Material for this task Block Start

(* Let $\mathrm{Lab}$ be a labelling system on a finite simplicial tree $T$. Then the union of the useful edges of $T$ (together with their endpoints) is connected, i.e. forms a subtree of $T$: every edge lying on the path in $T$ between two useful edges is useful.
   Context: A labelling system on a finite simplicial tree $T$ assigns to each vertex $v$ a subset $\mathrm{Lab}(v)\subset\{1,\dots,N\}$ such that (A) $\mathrm{Lab}(a)\cap\mathrm{Lab}(b)\subset\mathrm{Lab}(x)$ whenever $x$ is a vertex on the shortest path between vertices $a,b$, and (B) $\bigcup_v\mathrm{Lab}(v)=\{1,\dots,N\}$. Removing the open edge $e$ leaves two closed connected components $T^+(e)$, $T^-(e)$. The edge $e$ is useless if $\bigcup_{v\in T^+(e)}\mathrm{Lab}(v)$ or $\bigcup_{v\in T^-(e)}\mathrm{Lab}(v)$ equals $\{1,\dots,N\}$, and useful otherwise. *)

theory Defs
  imports Main
begin

definition is_path :: "'v set set \<Rightarrow> 'v list \<Rightarrow> bool" where
  "is_path E xs \<longleftrightarrow> xs \<noteq> [] \<and> distinct xs \<and>
     (\<forall>i. Suc i < length xs \<longrightarrow> {xs ! i, xs ! Suc i} \<in> E)"

definition path_edges :: "'v list \<Rightarrow> 'v set set" where
  "path_edges xs = {{xs ! i, xs ! Suc i} | i. Suc i < length xs}"

definition simplicial_tree :: "'v set \<Rightarrow> 'v set set \<Rightarrow> bool" where
  "simplicial_tree V E \<longleftrightarrow> finite V \<and> V \<noteq> {} \<and>
     E \<subseteq> {{a, b} | a b. a \<in> V \<and> b \<in> V \<and> a \<noteq> b} \<and>
     (\<forall>a\<in>V. \<forall>b\<in>V. \<exists>!xs. is_path E xs \<and> hd xs = a \<and> last xs = b)"

definition tpath :: "'v set set \<Rightarrow> 'v \<Rightarrow> 'v \<Rightarrow> 'v list" where
  "tpath E a b = (THE xs. is_path E xs \<and> hd xs = a \<and> last xs = b)"

definition labelling_system ::
  "'v set \<Rightarrow> 'v set set \<Rightarrow> nat \<Rightarrow> ('v \<Rightarrow> nat set) \<Rightarrow> bool" where
  "labelling_system V E N Lab \<longleftrightarrow>
     (\<forall>v\<in>V. Lab v \<subseteq> {1..N}) \<and>
     (\<forall>a\<in>V. \<forall>b\<in>V. \<forall>x\<in>set (tpath E a b). Lab a \<inter> Lab b \<subseteq> Lab x) \<and>
     (\<Union>v\<in>V. Lab v) = {1..N}"

text \<open>The closed component containing the endpoint u of e after removing the open edge e.\<close>

definition side :: "'v set \<Rightarrow> 'v set set \<Rightarrow> 'v set \<Rightarrow> 'v \<Rightarrow> 'v set" where
  "side V E e u = {x \<in> V. \<exists>xs. is_path (E - {e}) xs \<and> hd xs = u \<and> last xs = x}"

definition useful ::
  "'v set \<Rightarrow> 'v set set \<Rightarrow> nat \<Rightarrow> ('v \<Rightarrow> nat set) \<Rightarrow> 'v set \<Rightarrow> bool" where
  "useful V E N Lab e \<longleftrightarrow> e \<in> E \<and>
     (\<forall>u\<in>e. (\<Union>x\<in>side V E e u. Lab x) \<noteq> {1..N})"

end

theory Submission
  imports Defs
begin

(* Let e = {x_i, x_(i+1)} be the i-th edge of the tree path from a \<in> e1 to
   b \<in> e2.  Removing e separates x_i from b (the path from x_i to b uses e, and tree paths
   are unique), and likewise x_(i+1) from a.  Now take an endpoint u of e and a useful edge f
   (namely e2, resp. e1) having an endpoint not reachable from u in T - e.  Then no vertex of
   the side of e at u lies on f, so every path inside that side avoids f; since u is joined
   to f in T, the whole side of e at u lies inside the side of f at some endpoint p of f.
   If the labels of the former covered {1..N}, so would those of the latter, contradicting
   usefulness of f. *)

section \<open>Paths and reachability\<close>

definition adj :: "'v set set \<Rightarrow> ('v \<times> 'v) set" where
  "adj F = {(x, y). {x, y} \<in> F}"

lemma sym_reach: "(x, y) \<in> (adj F)\<^sup>* \<Longrightarrow> (y, x) \<in> (adj F)\<^sup>*"
proof -
  have "sym (adj F)" by (auto simp: adj_def sym_def insert_commute)
  then have "sym ((adj F)\<^sup>*)" by (rule sym_rtrancl)
  then show "(x, y) \<in> (adj F)\<^sup>* \<Longrightarrow> (y, x) \<in> (adj F)\<^sup>*" by (auto dest: symD)
qed

lemma reach_within_edge:
  assumes "{c, d} \<in> F" "y \<in> {c, d}" "z \<in> {c, d}"
  shows "(y, z) \<in> (adj F)\<^sup>*"
  using assms by (auto simp: adj_def insert_commute)

lemma is_path_mono: "is_path F xs \<Longrightarrow> F \<subseteq> G \<Longrightarrow> is_path G xs"
  by (auto simp: is_path_def)

lemma is_path_take: "is_path F xs \<Longrightarrow> 0 < k \<Longrightarrow> is_path F (take k xs)"
  by (auto simp: is_path_def)

lemma is_path_drop: "is_path F xs \<Longrightarrow> k < length xs \<Longrightarrow> is_path F (drop k xs)"
  by (auto simp: is_path_def)

lemma path_reach:
  assumes "is_path F xs"
  shows "(hd xs, last xs) \<in> (adj F)\<^sup>*"
proof -
  have "(xs ! 0, xs ! k) \<in> (adj F)\<^sup>*" if "k < length xs" for k
    using that
  proof (induction k)
    case (Suc k)
    then have "(xs ! k, xs ! Suc k) \<in> adj F"
      using assms by (auto simp: is_path_def adj_def)
    with Suc show ?case by (auto intro: rtrancl_into_rtrancl)
  qed simp
  moreover have "xs \<noteq> []" using assms by (simp add: is_path_def)
  ultimately show ?thesis by (simp add: hd_conv_nth last_conv_nth)
qed

text \<open>A path can be extended by an edge at its end (cutting it short if the new
  vertex is already on it).\<close>

lemma path_extend:
  assumes xs: "is_path F xs" and edge: "{last xs, z} \<in> F"
  shows "\<exists>ys. is_path F ys \<and> hd ys = hd xs \<and> last ys = z"
proof (cases "z \<in> set xs")
  case True
  then obtain k where k: "k < length xs" "xs ! k = z" by (auto simp: in_set_conv_nth)
  have "is_path F (take (Suc k) xs)" using xs by (rule is_path_take) simp
  moreover have "hd (take (Suc k) xs) = hd xs" using k by (simp add: hd_conv_nth)
  moreover have "last (take (Suc k) xs) = z" using k by (simp add: take_Suc_conv_app_nth)
  ultimately show ?thesis by blast
next
  case False
  have ne: "xs \<noteq> []" using xs by (simp add: is_path_def)
  have "{(xs @ [z]) ! i, (xs @ [z]) ! Suc i} \<in> F" if i: "Suc i < length (xs @ [z])" for i
  proof (cases "Suc i < length xs")
    case True
    then show ?thesis using xs by (simp add: nth_append is_path_def)
  next
    case False
    then have "i = length xs - 1" using i by simp
    then show ?thesis using edge ne by (simp add: nth_append last_conv_nth)
  qed
  then have "is_path F (xs @ [z])" using xs False by (simp add: is_path_def)
  then show ?thesis using ne by (intro exI[of _ "xs @ [z]"]) simp
qed

lemma reach_path:
  assumes "(x, y) \<in> (adj F)\<^sup>*"
  shows "\<exists>xs. is_path F xs \<and> hd xs = x \<and> last xs = y"
  using assms
proof (induction rule: rtrancl_induct)
  case base
  show ?case by (rule exI[of _ "[x]"]) (simp add: is_path_def)
next
  case (step y z)
  then obtain xs where "is_path F xs" "hd xs = x" "last xs = y" by blast
  with step(2) show ?case using path_extend[of F xs z] by (auto simp: adj_def)
qed

lemma side_eq: "side V E e u = {x \<in> V. (u, x) \<in> (adj (E - {e}))\<^sup>*}"
proof -
  have "(\<exists>xs. is_path (E - {e}) xs \<and> hd xs = u \<and> last xs = x) \<longleftrightarrow>
        (u, x) \<in> (adj (E - {e}))\<^sup>*" for x
    using path_reach reach_path by metis
  then show ?thesis unfolding side_def by blast
qed

lemma reach_remove_edge:
  assumes "(u, y) \<in> (adj F)\<^sup>*"
  shows "(u, y) \<in> (adj (F - {g}))\<^sup>* \<or> (\<exists>p\<in>g. (u, p) \<in> (adj (F - {g}))\<^sup>*)"
  using assms
proof (induction rule: rtrancl_induct)
  case (step y z)
  show ?case
  proof (cases "{y, z} = g")
    case True
    then show ?thesis using step.IH by blast
  next
    case False
    then have "(y, z) \<in> adj (F - {g})" using step.hyps(2) by (simp add: adj_def)
    then show ?thesis using step.IH by (meson rtrancl_into_rtrancl)
  qed
qed simp

lemma reach_avoiding_edge:
  assumes avoid: "\<And>y. (u, y) \<in> (adj F)\<^sup>* \<Longrightarrow> y \<notin> g"
    and "(u, x) \<in> (adj F)\<^sup>*"
  shows "(u, x) \<in> (adj (F - {g}))\<^sup>*"
  using assms(2)
proof (induction rule: rtrancl_induct)
  case (step y z)
  then have "{y, z} \<noteq> g" using avoid by auto
  then have "(y, z) \<in> adj (F - {g})" using step.hyps(2) by (simp add: adj_def)
  then show ?case using step.IH by (rule rtrancl_into_rtrancl[rotated])
qed simp

section \<open>Trees\<close>

lemma tree_edge:
  assumes "simplicial_tree V E" "f \<in> E"
  obtains c d where "f = {c, d}" "c \<in> V" "d \<in> V" "c \<noteq> d"
proof -
  have "f \<in> {{a, b} | a b. a \<in> V \<and> b \<in> V \<and> a \<noteq> b}"
    using assms by (auto simp: simplicial_tree_def)
  then show thesis using that by blast
qed

lemma tree_connected:
  assumes "simplicial_tree V E" "x \<in> V" "y \<in> V"
  shows "(x, y) \<in> (adj E)\<^sup>*"
proof -
  have "\<exists>!xs. is_path E xs \<and> hd xs = x \<and> last xs = y"
    using assms by (simp add: simplicial_tree_def)
  then obtain xs where "is_path E xs" "hd xs = x" "last xs = y" by (meson ex1_implies_ex)
  then show ?thesis using path_reach by fastforce
qed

Material for this task Block End

## Work instructions
Reproduce exactly the lines above from the line with "(\<forall>u\<in>e. (\<Union>x\<in>side V" to the line with "using assms by (auto simp: adj_def", including both, and add nothing.

## Written answer
     (\<forall>u\<in>e. (\<Union>x\<in>side V E e u. Lab x) \<noteq> {1..N})"

end

theory Submission
  imports Defs
begin

(* Let e = {x_i, x_(i+1)} be the i-th edge of the tree path from a \<in> e1 to
   b \<in> e2.  Removing e separates x_i from b (the path from x_i to b uses e, and tree paths
   are unique), and likewise x_(i+1) from a.  Now take an endpoint u of e and a useful edge f
   (namely e2, resp. e1) having an endpoint not reachable from u in T - e.  Then no vertex of
   the side of e at u lies on f, so every path inside that side avoids f; since u is joined
   to f in T, the whole side of e at u lies inside the side of f at some endpoint p of f.
   If the labels of the former covered {1..N}, so would those of the latter, contradicting
   usefulness of f. *)

section \<open>Paths and reachability\<close>

definition adj :: "'v set set \<Rightarrow> ('v \<times> 'v) set" where
  "adj F = {(x, y). {x, y} \<in> F}"

lemma sym_reach: "(x, y) \<in> (adj F)\<^sup>* \<Longrightarrow> (y, x) \<in> (adj F)\<^sup>*"
proof -
  have "sym (adj F)" by (auto simp: adj_def sym_def insert_commute)
  then have "sym ((adj F)\<^sup>*)" by (rule sym_rtrancl)
  then show "(x, y) \<in> (adj F)\<^sup>* \<Longrightarrow> (y, x) \<in> (adj F)\<^sup>*" by (auto dest: symD)
qed

lemma reach_within_edge:
  assumes "{c, d} \<in> F" "y \<in> {c, d}" "z \<in> {c, d}"
  shows "(y, z) \<in> (adj F)\<^sup>*"
  using assms by (auto simp: adj_def insert_commute)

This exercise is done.